- PROBLEM DETAILS -
Taking the line containing "using w by (simp" as the first and the last line of the entries as the end, reproduce every line between them exactly, including both.

(Collected data)
*** Block opens ***
definition terminal_vertices :: "nat \<Rightarrow> (nat \<times> nat) set \<Rightarrow> nat set" where
  "terminal_vertices n E = {v \<in> {1..n}. \<not> (\<exists>w. (v, w) \<in> E)}"

definition is_tdg :: "nat \<Rightarrow> nat \<Rightarrow> nat \<Rightarrow> (nat \<times> nat) set \<Rightarrow> bool" where
  "is_tdg n x y E \<longleftrightarrow> E \<subseteq> all_pairs n \<and>
     card (initial_vertices n E) = x \<and> card (terminal_vertices n E) = y"

text \<open>Edges whose addition is not cancelled.\<close>
definition addable :: "nat \<Rightarrow> nat \<Rightarrow> nat \<Rightarrow> (nat \<times> nat) set \<Rightarrow> (nat \<times> nat) set" where
  "addable n x y E = {e \<in> all_pairs n - E.
      x \<le> card (initial_vertices n (insert e E)) \<and> y \<le> card (terminal_vertices n (insert e E))}"

lemma finite_all_pairs: "finite (all_pairs n)"
proof -
  have "all_pairs n \<subseteq> {1..n} \<times> {1..n}" by (auto simp: all_pairs_def)
  then show ?thesis by (rule finite_subset) simp
qed

lemma finite_addable: "finite (addable n x y E)"
  by (rule finite_subset[OF _ finite_all_pairs]) (auto simp: addable_def)

function edge_process :: "nat \<Rightarrow> nat \<Rightarrow> nat \<Rightarrow> (nat \<times> nat) set \<Rightarrow> (nat \<times> nat) set pmf" where
  "edge_process n x y E =
     (if addable n x y E = {} then return_pmf E
      else pmf_of_set (addable n x y E) \<bind>
        (\<lambda>e. if is_tdg n x y (insert e E) then return_pmf (insert e E)
             else edge_process n x y (insert e E)))"
  by auto
termination
proof (relation "Wellfounded.measure (\<lambda>(n, x, y, E). card (all_pairs n - E))")
  fix n x y :: nat and E :: "(nat \<times> nat) set" and e
  assume ne: "addable n x y E \<noteq> {}" and e: "e \<in> set_pmf (pmf_of_set (addable n x y E))"
  then have "e \<in> addable n x y E" using finite_addable by simp
  then have "e \<in> all_pairs n - E" by (simp add: addable_def)
  then have "all_pairs n - insert e E \<subset> all_pairs n - E" by auto
  then have "card (all_pairs n - insert e E) < card (all_pairs n - E)"
    by (rule psubset_card_mono[rotated]) (simp add: finite_all_pairs)
  then show "((n, x, y, insert e E), n, x, y, E) \<in> Wellfounded.measure (\<lambda>(n, x, y, E). card (all_pairs n - E))"
    by simp
qed auto

end

theory Submission
  imports Defs
begin

text \<open>Let \<open>x < y < n\<close>. If the process happens to add exactly the edges among the vertices
  \<open>y, \<dots>, n\<close> (in any order), every intermediate graph has at least \<open>y\<close> initial vertices
  \<open>1, \<dots>, y\<close> and at least \<open>y\<close> terminal vertices \<open>1, \<dots>, y - 1, n\<close>, so no addition is
  cancelled and, having \<open>y > x\<close> initial vertices, none of them is an \<open>(x, y)\<close> graph.
  Every further edge starts at some \<open>a < y\<close> and would leave only \<open>y - 1\<close> terminal
  vertices, so the process halts in this graph, which is reached with positive probability.
  The case \<open>x > y\<close> follows by reversing the order of the vertices, which exchanges
  initial and terminal vertices.\<close>

text \<open>From any subgraph of a dead end the process can add its remaining edges one by one
  and then halts in it, never having produced an \<open>(x, y)\<close> graph.\<close>

definition dead_end :: "nat \<Rightarrow> nat \<Rightarrow> nat \<Rightarrow> (nat \<times> nat) set \<Rightarrow> bool" where
  "dead_end n x y F \<longleftrightarrow> F \<subseteq> all_pairs n \<and> addable n x y F = {} \<and>
     (\<forall>S \<subseteq> F. \<not> is_tdg n x y S \<and> F - S \<subseteq> addable n x y S)"

lemma dead_end_in_set_edge_process:
  assumes dead_end: "dead_end n x y F" and "S \<subseteq> F"
  shows "F \<in> set_pmf (edge_process n x y S)"
  using \<open>S \<subseteq> F\<close>
proof (induction "card (F - S)" arbitrary: S rule: less_induct)
  case less
  have "finite F"
    using dead_end finite_all_pairs finite_subset by (auto simp: dead_end_def)
  show ?case
  proof (cases "S = F")
    case True
    with dead_end show ?thesis
      by (subst edge_process.simps) (simp add: dead_end_def del: edge_process.simps)
  next
    case False
    then obtain e where e: "e \<in> F - S"
      using less.prems by blast
    with dead_end less.prems have e_addable: "e \<in> addable n x y S"
      unfolding dead_end_def by blast
    have sub: "insert e S \<subseteq> F"
      using e less.prems by blast
    have "card (F - insert e S) < card (F - S)"
      using e \<open>finite F\<close> by (intro psubset_card_mono) auto
    with sub have "F \<in> set_pmf (edge_process n x y (insert e S))"
      using less.hyps by blast
    moreover have "\<not> is_tdg n x y (insert e S)"
      using dead_end sub by (simp add: dead_end_def)
    ultimately show ?thesis
      using e_addable finite_addable[of n x y S]
      by (subst edge_process.simps) (auto simp del: edge_process.simps)
  qed
qed

lemma dead_end_prob_not_tdg_pos:
  assumes "dead_end n x y F"
  shows "measure_pmf.prob (edge_process n x y {}) {E. \<not> is_tdg n x y E} > 0"
proof (rule measure_pmf_posI)
  show "F \<in> set_pmf (edge_process n x y {})"
    using assms by (rule dead_end_in_set_edge_process) simp
  show "F \<in> {E. \<not> is_tdg n x y E}"
    using assms by (simp add: dead_end_def)
qed

lemma finite_initial_vertices: "finite (initial_vertices n E)"
  by (rule finite_subset[of _ "{1..n}"]) (auto simp: initial_vertices_def)

lemma finite_terminal_vertices: "finite (terminal_vertices n E)"
  by (rule finite_subset[of _ "{1..n}"]) (auto simp: terminal_vertices_def)

lemma dead_end_clique:
  assumes "x < y" and "y < n"
  shows "dead_end n x y {(a, b). y \<le> a \<and> a < b \<and> b \<le> n}"
    (is "dead_end n x y ?F")
proof -
  have F_sub: "?F \<subseteq> all_pairs n"
    using assms by (auto simp: all_pairs_def)
  have many_initial: "y \<le> card (initial_vertices n S)" if "S \<subseteq> ?F" for S
  proof -
    have "{1..y} \<subseteq> initial_vertices n S"
      using that assms by (auto simp: initial_vertices_def)
    then have "card {1..y} \<le> card (initial_vertices n S)"
      by (rule card_mono[rotated]) (rule finite_initial_vertices)
    then show ?thesis
      by simp
  qed
  have many_terminal: "y \<le> card (terminal_vertices n S)" if "S \<subseteq> ?F" for S
  proof -
    have "insert n {1..<y} \<subseteq> terminal_vertices n S"
      using that assms unfolding terminal_vertices_def by fastforce
    then have "card (insert n {1..<y}) \<le> card (terminal_vertices n S)"
      by (rule card_mono[rotated]) (rule finite_terminal_vertices)
    moreover have "card (insert n {1..<y}) = y"
      using assms by simp
    ultimately show ?thesis
      by simp
  qed
  have "addable n x y ?F = {}"
  proof (rule ccontr)
    assume "addable n x y ?F \<noteq> {}"
    then obtain a b where ab: "(a, b) \<in> all_pairs n - ?F"
      and terminal: "y \<le> card (terminal_vertices n (insert (a, b) ?F))"
      by (auto simp: addable_def)
    then have "1 \<le> a" "a < y"
      by (auto simp: all_pairs_def)
    have "terminal_vertices n (insert (a, b) ?F) \<subseteq> insert n ({1..<y} - {a})"
    proof
      fix v
      assume v: "v \<in> terminal_vertices n (insert (a, b) ?F)"
      then have "v \<noteq> a" "1 \<le> v" "v \<le> n"
        by (auto simp: terminal_vertices_def)
      moreover have "(v, n) \<notin> ?F"
        using v by (auto simp: terminal_vertices_def)
      ultimately show "v \<in> insert n ({1..<y} - {a})"
        by auto
    qed
    then have "card (terminal_vertices n (insert (a, b) ?F)) \<le> card (insert n ({1..<y} - {a}))"
      by (intro card_mono) auto
    also have "\<dots> \<le> Suc (card ({1..<y} - {a}))"
      by (rule card_insert_le_m1) auto
    also have "\<dots> = y - 1"
      using \<open>1 \<le> a\<close> \<open>a < y\<close> by simp
    finally show False
      using terminal \<open>a < y\<close> by simp
  qed
  moreover have "\<not> is_tdg n x y S" if "S \<subseteq> ?F" for S
    using many_initial[OF that] assms by (simp add: is_tdg_def)
  moreover have "?F - S \<subseteq> addable n x y S" if "S \<subseteq> ?F" for S
  proof
    fix e
    assume "e \<in> ?F - S"
    then have "insert e S \<subseteq> ?F"
      using that by blast
    then have "x \<le> card (initial_vertices n (insert e S))"
      and "y \<le> card (terminal_vertices n (insert e S))"
      using many_initial many_terminal \<open>x < y\<close> by (meson less_imp_le order_trans)+
    then show "e \<in> addable n x y S"
      using \<open>e \<in> ?F - S\<close> F_sub by (auto simp: addable_def)
  qed
  ultimately show ?thesis
    using F_sub by (simp add: dead_end_def)
qed

definition reverse_edge :: "nat \<Rightarrow> nat \<times> nat \<Rightarrow> nat \<times> nat" where
  "reverse_edge n = (\<lambda>(a, b). (Suc n - b, Suc n - a))"

lemma reverse_edge_in_all_pairs: "e \<in> all_pairs n \<Longrightarrow> reverse_edge n e \<in> all_pairs n"
  by (auto simp: reverse_edge_def all_pairs_def)

lemma reverse_edge_reverse_edge: "e \<in> all_pairs n \<Longrightarrow> reverse_edge n (reverse_edge n e) = e"
  by (auto simp: reverse_edge_def all_pairs_def)

lemma inj_on_reverse_edge: "inj_on (reverse_edge n) (all_pairs n)"
  by (metis inj_on_inverseI reverse_edge_reverse_edge)

lemma image_reverse_edge_image_reverse_edge:
  "E \<subseteq> all_pairs n \<Longrightarrow> reverse_edge n ` reverse_edge n ` E = E"
  by (force simp: image_image reverse_edge_reverse_edge subsetD)

lemma initial_vertices_reverse_edge:
  assumes "E \<subseteq> all_pairs n"
  shows "initial_vertices n (reverse_edge n ` E) = (\<lambda>v. Suc n - v) ` terminal_vertices n E"
proof (intro equalityI subsetI)
  fix v
  assume v: "v \<in> initial_vertices n (reverse_edge n ` E)"
  have "Suc n - v \<in> terminal_vertices n E"
  proof -
    have "(Suc n - v, w) \<notin> E" for w
      using v by (force simp: initial_vertices_def reverse_edge_def)
    then show ?thesis
      using v by (auto simp: terminal_vertices_def initial_vertices_def)
  qed
  moreover have "v = Suc n - (Suc n - v)"
    using v by (simp add: initial_vertices_def)
  ultimately show "v \<in> (\<lambda>v. Suc n - v) ` terminal_vertices n E"
    by blast
next
  fix v
  assume "v \<in> (\<lambda>v. Suc n - v) ` terminal_vertices n E"
  then obtain w where v: "v = Suc n - w" and w: "w \<in> terminal_vertices n E"
    by blast
  have "(u, v) \<notin> reverse_edge n ` E" for u
  proof
    assume "(u, v) \<in> reverse_edge n ` E"
    then obtain a b where "(a, b) \<in> E" and "v = Suc n - a"
      by (auto simp: reverse_edge_def)
    moreover have "a \<le> n"
      using \<open>(a, b) \<in> E\<close> assms by (auto simp: all_pairs_def)
    moreover have "w \<le> n"
      using w by (simp add: terminal_vertices_def)
    ultimately have "a = w"
      using v by linarith
    then have "(w, b) \<in> E"
      using \<open>(a, b) \<in> E\<close> by simp
    then show False
      using w by (auto simp: terminal_vertices_def)
  qed
  then show "v \<in> initial_vertices n (reverse_edge n ` E)"
    using v w by (auto simp: initial_vertices_def terminal_vertices_def)
qed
*** Block closes ***
- ANSWER SPACE -
      using w by (simp add: terminal_vertices_def)
    ultimately have "a = w"
      using v by linarith
    then have "(w, b) \<in> E"
      using \<open>(a, b) \<in> E\<close> by simp
    then show False
      using w by (auto simp: terminal_vertices_def)
  qed
  then show "v \<in> initial_vertices n (reverse_edge n ` E)"
    using v w by (auto simp: initial_vertices_def terminal_vertices_def)
qed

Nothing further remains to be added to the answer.